Me gustaría entonces pensar en cómo se escalona nuestra percepción de lo que nos rodea, en si no hace falta que pasemos, en nuestro caminar, por un segundo o tercer hito para que lo que había en el primero −y habíamos visto por el rabillo del ojo− se haga consciente en nosotros.

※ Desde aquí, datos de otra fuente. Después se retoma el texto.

(* For all integers $m,n\ge2$, the (unnormalized) diagonal positive matrices in $M_m(\mathbb{C})\otimes M_n(\mathbb{C})$ $$\rho_1=\operatorname{diag}(\sqrt2+1,\sqrt2+1,1,\dots,1),\qquad \rho_2=\operatorname{diag}(2,2,2,1,\dots,1)$$ are absolutely PPT; that is, for every unitary $U$ of order $mn$, both $(U\rho_1U^\dagger)^\Gamma\ge0$ and $(U\rho_2U^\dagger)^\Gamma\ge0$.
   Context: The partial transpose is $M^\Gamma:=(T\otimes\mathrm{id})(M)$ with $T$ the transpose on the first factor $M_m(\mathbb{C})$. A (possibly unnormalized) positive semidefinite matrix $\rho$ is absolutely PPT if $(U\rho U^\dagger)^\Gamma$ is positive semidefinite for every global unitary $U$ on $\mathbb{C}^m\otimes\mathbb{C}^n$. *)

theory Defs
  imports "Jordan_Normal_Form.Matrix" Complex_Main
begin

text \<open>Matrices in M_m(C) (x) M_n(C) are (m*n) x (m*n) complex matrices; the basis vector
  e_i (x) e_j (i < m, j < n) has flat index i*n + j (Kronecker ordering).\<close>

definition adjoint_mat :: "complex mat \<Rightarrow> complex mat" where
  "adjoint_mat A = mat (dim_col A) (dim_row A) (\<lambda>(i,j). cnj (A $$ (j,i)))"

definition unitary_mat :: "nat \<Rightarrow> complex mat \<Rightarrow> bool" where
  "unitary_mat d U \<longleftrightarrow> U \<in> carrier_mat d d \<and> U * adjoint_mat U = 1\<^sub>m d \<and> adjoint_mat U * U = 1\<^sub>m d"

definition psd_mat :: "nat \<Rightarrow> complex mat \<Rightarrow> bool" where
  "psd_mat d A \<longleftrightarrow> A \<in> carrier_mat d d \<and>
     (\<forall>v \<in> carrier_vec d.
        let q = (\<Sum>i<d. \<Sum>j<d. cnj (v $ i) * A $$ (i,j) * v $ j)
        in Im q = 0 \<and> Re q \<ge> 0)"

text \<open>Partial transpose on the first factor M_m(C).
  (M^Gamma)_{(i,j),(k,l)} = M_{(k,j),(i,l)}.\<close>
definition partial_transpose :: "nat \<Rightarrow> nat \<Rightarrow> complex mat \<Rightarrow> complex mat" where
  "partial_transpose m n M = mat (m*n) (m*n)
     (\<lambda>(a,b). M $$ ((b div n) * n + a mod n, (a div n) * n + b mod n))"

definition absolutely_PPT :: "nat \<Rightarrow> nat \<Rightarrow> complex mat \<Rightarrow> bool" where
  "absolutely_PPT m n \<rho> \<longleftrightarrow> psd_mat (m*n) \<rho> \<and>
     (\<forall>U. unitary_mat (m*n) U \<longrightarrow>
        psd_mat (m*n) (partial_transpose m n (U * \<rho> * adjoint_mat U)))"

definition diag_mat_of :: "nat \<Rightarrow> (nat \<Rightarrow> complex) \<Rightarrow> complex mat" where
  "diag_mat_of d f = mat d d (\<lambda>(i,j). if i = j then f i else 0)"

definition rho1 :: "nat \<Rightarrow> nat \<Rightarrow> complex mat" where
  "rho1 m n = diag_mat_of (m*n) (\<lambda>i. if i < 2 then complex_of_real (sqrt 2 + 1) else 1)"

definition rho2 :: "nat \<Rightarrow> nat \<Rightarrow> complex mat" where
  "rho2 m n = diag_mat_of (m*n) (\<lambda>i. if i < 3 then 2 else 1)"

end

(*
  Write rho = I + mu P, with P the projection onto the first r basis vectors
  (r = 2, mu = sqrt 2 for rho1 and r = 3, mu = 1 for rho2).  For a unitary U with
  columns u_t, (U rho U^* )^Gamma = I + mu * sum_{t<r} (u_t u_t^* )^Gamma, so it suffices that
  - sum_{t<r} v^* (u_t u_t^* )^Gamma v <= |v|^2 / mu for every v.

  In a Schmidt basis v = sum_p sigma_p a_p (x) b_p the partial transpose only swaps the
  coefficients of a_p (x) b_q and a_q (x) b_p.  Bessel's inequality then bounds the
  left-hand side by (1/2) sum_{p,q} T_pq sigma_p sigma_q with symmetric weights
  0 <= T_pq <= 1, T_pp = 0 and total weight at most 2r.  Maximising this quadratic form
  over such weights gives sqrt 2 * sum_p sigma_p^2 when the total is 4 and
  2 * sum_p sigma_p^2 when it is 6, which is exactly what is needed.
*)
theory Submission
  imports Defs "Jordan_Normal_Form.Spectral_Radius"
begin

section \<open>Adjoints, unitary matrices and the spectral theorem\<close>

lemma adjoint_mat_dim [simp]:
  "dim_row (adjoint_mat A) = dim_col A" "dim_col (adjoint_mat A) = dim_row A"
  by (auto simp: adjoint_mat_def)

lemma adjoint_mat_index [simp]:
  "i < dim_col A \<Longrightarrow> j < dim_row A \<Longrightarrow> adjoint_mat A $$ (i,j) = cnj (A $$ (j,i))"
  by (auto simp: adjoint_mat_def)

lemma adjoint_mat_carrier [simp]: "A \<in> carrier_mat n k \<Longrightarrow> adjoint_mat A \<in> carrier_mat k n"
  by (intro carrier_matI) (auto dest: carrier_matD)

lemma adjoint_mat_adjoint [simp]: "adjoint_mat (adjoint_mat A) = A"
  by (intro eq_matI) auto

lemma adjoint_mat_mult:
  assumes "A \<in> carrier_mat n k" "B \<in> carrier_mat k l"
  shows "adjoint_mat (A * B) = adjoint_mat B * adjoint_mat A"
  using assms by (intro eq_matI) (auto simp: scalar_prod_def cnj_sum mult.commute)

lemma unitary_mat_carrier: "unitary_mat d U \<Longrightarrow> U \<in> carrier_mat d d"
  by (simp add: unitary_mat_def)

lemma unitary_mat_mult:
  assumes A: "unitary_mat d A" and B: "unitary_mat d B"
  shows "unitary_mat d (A * B)"
proof -
  have Ac: "A \<in> carrier_mat d d" and Bc: "B \<in> carrier_mat d d"
    using A B by (simp_all add: unitary_mat_carrier)
  note assoc = assoc_mult_mat[of _ d d _ d _ d] mult_carrier_mat[of _ d d]
  have "A * B * adjoint_mat (A * B) = A * (B * adjoint_mat B) * adjoint_mat A"
    and "adjoint_mat (A * B) * (A * B) = adjoint_mat B * (adjoint_mat A * A) * B"
    using Ac Bc by (simp_all add: adjoint_mat_mult assoc)
  then show ?thesis
    using A B Ac Bc unfolding unitary_mat_def by simp
qed

definition block_diag :: "nat \<Rightarrow> complex \<Rightarrow> complex mat \<Rightarrow> complex mat" where
  "block_diag n x M = mat (Suc n) (Suc n)
     (\<lambda>(i,j). if i = 0 \<and> j = 0 then x else if i = 0 \<or> j = 0 then 0 else M $$ (i - 1, j - 1))"

lemma block_diag_carrier [simp]: "block_diag n x M \<in> carrier_mat (Suc n) (Suc n)"
  and block_diag_dim [simp]: "dim_row (block_diag n x M) = Suc n" "dim_col (block_diag n x M) = Suc n"
  by (auto simp: block_diag_def)

lemma block_diag_index:
  "i < Suc n \<Longrightarrow> j < Suc n \<Longrightarrow> block_diag n x M $$ (i,j) =
     (if i = 0 \<and> j = 0 then x else if i = 0 \<or> j = 0 then 0 else M $$ (i - 1, j - 1))"
  by (auto simp: block_diag_def)

lemma block_diag_index_simps [simp]:
  "block_diag n x M $$ (0,0) = x"
  "j < n \<Longrightarrow> block_diag n x M $$ (0, Suc j) = 0"
  "i < n \<Longrightarrow> block_diag n x M $$ (Suc i, 0) = 0"
  "i < n \<Longrightarrow> j < n \<Longrightarrow> block_diag n x M $$ (Suc i, Suc j) = M $$ (i,j)"
  by (auto simp: block_diag_def)

lemma block_diag_mult:
  assumes "A \<in> carrier_mat n n" "B \<in> carrier_mat n n"
  shows "block_diag n x A * block_diag n y B = block_diag n (x * y) (A * B)"
proof (intro eq_matI)
  fix i j assume "i < dim_row (block_diag n (x*y) (A*B))" "j < dim_col (block_diag n (x*y) (A*B))"
  then have i: "i < Suc n" and j: "j < Suc n" by auto
  let ?s = "\<Sum>k<n. block_diag n x A $$ (i, Suc k) * block_diag n y B $$ (Suc k, j)"
  have "(block_diag n x A * block_diag n y B) $$ (i,j) =
      (\<Sum>k<Suc n. block_diag n x A $$ (i,k) * block_diag n y B $$ (k,j))"
    using i j by (simp add: scalar_prod_def atLeast0LessThan)
  also have "\<dots> = block_diag n x A $$ (i,0) * block_diag n y B $$ (0,j) + ?s"
    by (rule sum.lessThan_Suc_shift)
  also have "\<dots> = block_diag n (x*y) (A*B) $$ (i,j)"
  proof (cases i; cases j)
    fix i' j' assume ij: "i = Suc i'" "j = Suc j'"
    have "?s = (\<Sum>k<n. A $$ (i',k) * B $$ (k,j'))"
      using ij i j by (intro sum.cong) auto
    then show ?thesis using ij i j assms by (simp add: scalar_prod_def atLeast0LessThan)
  qed (use i j in \<open>auto intro!: sum.neutral\<close>)
  finally show "(block_diag n x A * block_diag n y B) $$ (i,j) = block_diag n (x*y) (A*B) $$ (i,j)" .
qed auto

lemma adjoint_block_diag:
  "A \<in> carrier_mat n n \<Longrightarrow> adjoint_mat (block_diag n x A) = block_diag n (cnj x) (adjoint_mat A)"
  by (intro eq_matI) (auto simp: block_diag_index)

lemma unitary_block_diag:
  assumes "unitary_mat n C"
  shows "unitary_mat (Suc n) (block_diag n 1 C)"
proof -
  have C: "C \<in> carrier_mat n n" and CC: "C * adjoint_mat C = 1\<^sub>m n" "adjoint_mat C * C = 1\<^sub>m n"
    using assms unfolding unitary_mat_def by auto
  have one: "block_diag n 1 (1\<^sub>m n) = 1\<^sub>m (Suc n)"
    by (intro eq_matI) (auto simp: block_diag_index)
  show ?thesis
    unfolding unitary_mat_def adjoint_block_diag[OF C]
    using block_diag_mult[OF C adjoint_mat_carrier[OF C], of 1 1]
      block_diag_mult[OF adjoint_mat_carrier[OF C] C, of 1 1] CC one
    by simp
qed

lemma mult_cnj_eq_cmod_sq: "z * cnj z = complex_of_real ((cmod z)\<^sup>2)"
  using complex_norm_square by (simp add: mult.commute)

lemma cnj_mult_self: "cnj z * z = complex_of_real ((cmod z)\<^sup>2)"
  by (simp add: mult.commute mult_cnj_eq_cmod_sq)

text \<open>A Householder reflection: \<open>I - 2 w w\<^sup>* / (w\<^sup>* w)\<close> with \<open>w = e\<^sub>0 - z\<close>
  maps \<open>e\<^sub>0\<close> to \<open>z\<close> because \<open>z\<^sub>0\<close> is real.\<close>
lemma unitary_with_first_col:
  fixes z :: "nat \<Rightarrow> complex"
  assumes unit: "(\<Sum>i<N. z i * cnj (z i)) = 1" and z0: "Im (z 0) = 0" and N: "0 < N"
  shows "\<exists>W. unitary_mat N W \<and> (\<forall>i<N. W $$ (i,0) = z i)"
proof -
  define w where "w i = (if i = 0 then 1 else 0) - z i" for i
  define c where "c = (\<Sum>i<N. w i * cnj (w i))"
  define a where "a = (if c = 0 then 0 else 2 / c)"
  define W where "W = mat N N (\<lambda>(i,j). (if i = j then 1 else 0) - a * w i * cnj (w j))"
  have cz0: "cnj (z 0) = z 0" using z0 by (simp add: complex_eq_iff)
  have cnj_c: "cnj c = c" unfolding c_def by (simp add: cnj_sum mult.commute)
  have cnj_a: "cnj a = a" by (simp add: a_def cnj_c)
  have "c = (\<Sum>i<N. (if i = 0 then 1 - cnj (z 0) - z 0 else 0) + z i * cnj (z i))"
    unfolding c_def by (intro sum.cong) (auto simp: w_def algebra_simps)
  also have "\<dots> = 2 - 2 * z 0" using N unit cz0 by (simp add: sum.distrib)
  finally have c2: "c = 2 * w 0" by (simp add: w_def)
  have Wc: "W \<in> carrier_mat N N" by (simp add: W_def)
  have Wij: "W $$ (p,q) = (if p = q then 1 else 0) - a * w p * cnj (w q)" if "p < N" "q < N" for p q
    using that by (simp add: W_def)
  have adjW: "adjoint_mat W = W"
    by (intro eq_matI) (auto simp: W_def cnj_a mult_ac)
  have WW: "W * W = 1\<^sub>m N"
  proof (intro eq_matI)
    fix i j assume "i < dim_row (1\<^sub>m N)" "j < dim_col (1\<^sub>m N)"
    then have i: "i < N" and j: "j < N" by auto
    have "(W * W) $$ (i,j) = (\<Sum>k<N. W $$ (i,k) * W $$ (k,j))"
      using i j Wc by (simp add: scalar_prod_def atLeast0LessThan)
    also have "\<dots> = (\<Sum>k<N. (if k = i then (if i = j then 1 else 0) - a * w i * cnj (w j) else 0)
         - (if k = j then a * w i * cnj (w j) else 0) + a * a * w i * cnj (w j) * (w k * cnj (w k)))"
      by (intro sum.cong refl, simp add: Wij i j) (auto simp: algebra_simps)
    also have "\<dots> = (if i = j then 1 else 0) - 2 * a * w i * cnj (w j) + a * a * w i * cnj (w j) * c"
      using i j by (simp add: sum.distrib sum_subtractf sum_distrib_left[symmetric] c_def)
    also have "\<dots> = (if i = j then 1 else 0)"
      by (cases "c = 0") (auto simp: a_def field_simps)
    finally show "(W * W) $$ (i,j) = 1\<^sub>m N $$ (i,j)" using i j by simp
  qed (use Wc in auto)
  have "W $$ (i,0) = z i" if i: "i < N" for i
  proof (cases "c = 0")
    case True
    then have "(\<Sum>i<N. (cmod (w i))\<^sup>2) = 0"
      unfolding c_def mult_cnj_eq_cmod_sq of_real_sum[symmetric] by (simp only: of_real_eq_0_iff)
    then have "w i = 0" using i by (simp add: sum_nonneg_eq_0_iff)
    then show ?thesis using True i N by (simp add: Wij a_def w_def)
  next
    case False
    then have "w 0 \<noteq> 0" using c2 by auto
    moreover have "cnj (w 0) = w 0" using cz0 by (simp add: w_def)
    ultimately have "a * w i * cnj (w 0) = w i"
      using c2 False by (simp add: a_def field_simps)
    then have "W $$ (i,0) = (if i = 0 then 1 else 0) - w i"
      using i N by (simp add: Wij)
    then show ?thesis by (simp add: w_def)
  qed
  moreover have "unitary_mat N W" unfolding unitary_mat_def using Wc adjW WW by simp
  ultimately show ?thesis by blast
qed

lemma unit_eigenvector_with_real_head:
  assumes K: "K \<in> carrier_mat (Suc n) (Suc n)"
  obtains e z where "z \<in> carrier_vec (Suc n)" "K *\<^sub>v z = e \<cdot>\<^sub>v z"
    "(\<Sum>i<Suc n. z $ i * cnj (z $ i)) = 1" "Im (z $ 0) = 0"
proof -
  obtain e where "eigenvalue K e" using spectrum_non_empty[OF K] unfolding spectrum_def by auto
  then obtain v where v: "v \<in> carrier_vec (Suc n)" "v \<noteq> 0\<^sub>v (Suc n)" "K *\<^sub>v v = e \<cdot>\<^sub>v v"
    unfolding eigenvalue_def eigenvector_def using K by auto
  define s where "s = (\<Sum>i<Suc n. (cmod (v $ i))\<^sup>2)"
  obtain i0 where i0: "i0 < Suc n" "v $ i0 \<noteq> 0"
    using v(1,2) by (metis eq_vecI carrier_vecD index_zero_vec)
  have s: "s > 0" unfolding s_def by (rule sum_pos2[of _ i0]) (use i0 in auto)
  define ph where "ph = (if v $ 0 = 0 then 1 else cnj (v $ 0) / complex_of_real (cmod (v $ 0)))"
  have vv: "v $ 0 * cnj (v $ 0) = complex_of_real (cmod (v $ 0)) * complex_of_real (cmod (v $ 0))"
    by (simp add: mult_cnj_eq_cmod_sq power2_eq_square)
  have ph1: "ph * cnj ph = 1" using vv by (auto simp: ph_def field_simps)
  define z where "z = (ph / complex_of_real (sqrt s)) \<cdot>\<^sub>v v"
  show ?thesis
  proof (rule that[of z e])
    show "z \<in> carrier_vec (Suc n)" using v by (simp add: z_def)
    show "K *\<^sub>v z = e \<cdot>\<^sub>v z"
      unfolding z_def using mult_mat_vec[OF K v(1)] v(3) by (simp add: smult_smult_assoc mult.commute)
    have "(\<Sum>i<Suc n. z $ i * cnj (z $ i)) =
        (\<Sum>i<Suc n. (ph * cnj ph) / complex_of_real s * (v $ i * cnj (v $ i)))"
      using v(1) s
      by (intro sum.cong refl) (auto simp: z_def field_simps real_sqrt_mult[symmetric] simp flip: of_real_mult)
    also have "\<dots> = 1 / complex_of_real s * (\<Sum>i<Suc n. v $ i * cnj (v $ i))"
      unfolding ph1 sum_distrib_left by simp
    also have "(\<Sum>i<Suc n. v $ i * cnj (v $ i)) = complex_of_real s"
      unfolding s_def mult_cnj_eq_cmod_sq by (simp add: of_real_sum)
    finally show "(\<Sum>i<Suc n. z $ i * cnj (z $ i)) = 1" using s by simp
    show "Im (z $ 0) = 0"
    proof (cases "v $ 0 = 0")
      case False
      have "ph * v $ 0 = complex_of_real (cmod (v $ 0))"
        using False vv by (simp add: ph_def field_simps)
      then have "z $ 0 = complex_of_real (cmod (v $ 0) / sqrt s)" using v(1) by (simp add: z_def)
      then show ?thesis by simp
    qed (use v(1) in \<open>simp add: z_def\<close>)
  qed
qed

Pero está todo mezclado y todo sirve a varios propósitos y alimenta a varias mesas y familias: ayer por la tarde, mientras estaba dibujando, me daba ya cuenta de que estaba preparando el artículo que iba a escribir esta mañana. Y también iba aprendiendo cosas de la pequeña chumbera que quería dejar escritas en algún sitio, además de dibujadas. Me salto entonces el artificio del orden y la cronología narrativa o no sé qué y lo digo ahora mismo, ya: la chumberita era difícil de dibujar porque las raras planchas con pinchos de las que está compuesta, los círculos que le van creciendo, brotan cada uno en un eje, y hay que tener un cierto dominio de la geometría o muy buen ojo o mucha paciencia para incluir esa gran cantidad de planos en tan poco espacio. Yo al principio trataba de copiar los distintos brotes de la chumbera con cierta fidelidad, pero luego pensé ¿para qué tomarme esta molestia? Si lo que importa es que el efecto en el conjunto funcione. Y era verdad, pero también pensé que uno de los valores del dibujo al natural es que tu mano o tu cerebro siguen, remedan el proceso interno y ciego que han seguido los modelos al crecer. Es como pasar, tiempo después, por el mismo camino por el que han pasado ellos antes. Y eso me animó y seguía trazando los irregulares circulillos en la hoja, uno más, otro más, este así, otro asá. Pero también, qué coñazo, me pillé diciendo un par de veces, y eso me asustó, porque significaba quizá que había perdido la mano con el dibujo y el placer que he encontrado siempre en dibujar estaba en peligro. Así que lo que me animó me hizo seguir y lo que me asustó me hizo seguir también, y dejando que todo esto hiciese su coreografía en el auditorio de mi cabeza, llegó el momento en que, si seguía añadiendo hojas de chumbera iba a traicionar a la chumbera original que se había ofrecido para que la pintase para hacer tiempo hasta que mi grado de conocimiento y de familiaridad con el mundo circundante me haga aprender a cerrar el pico. Ahí me detuve.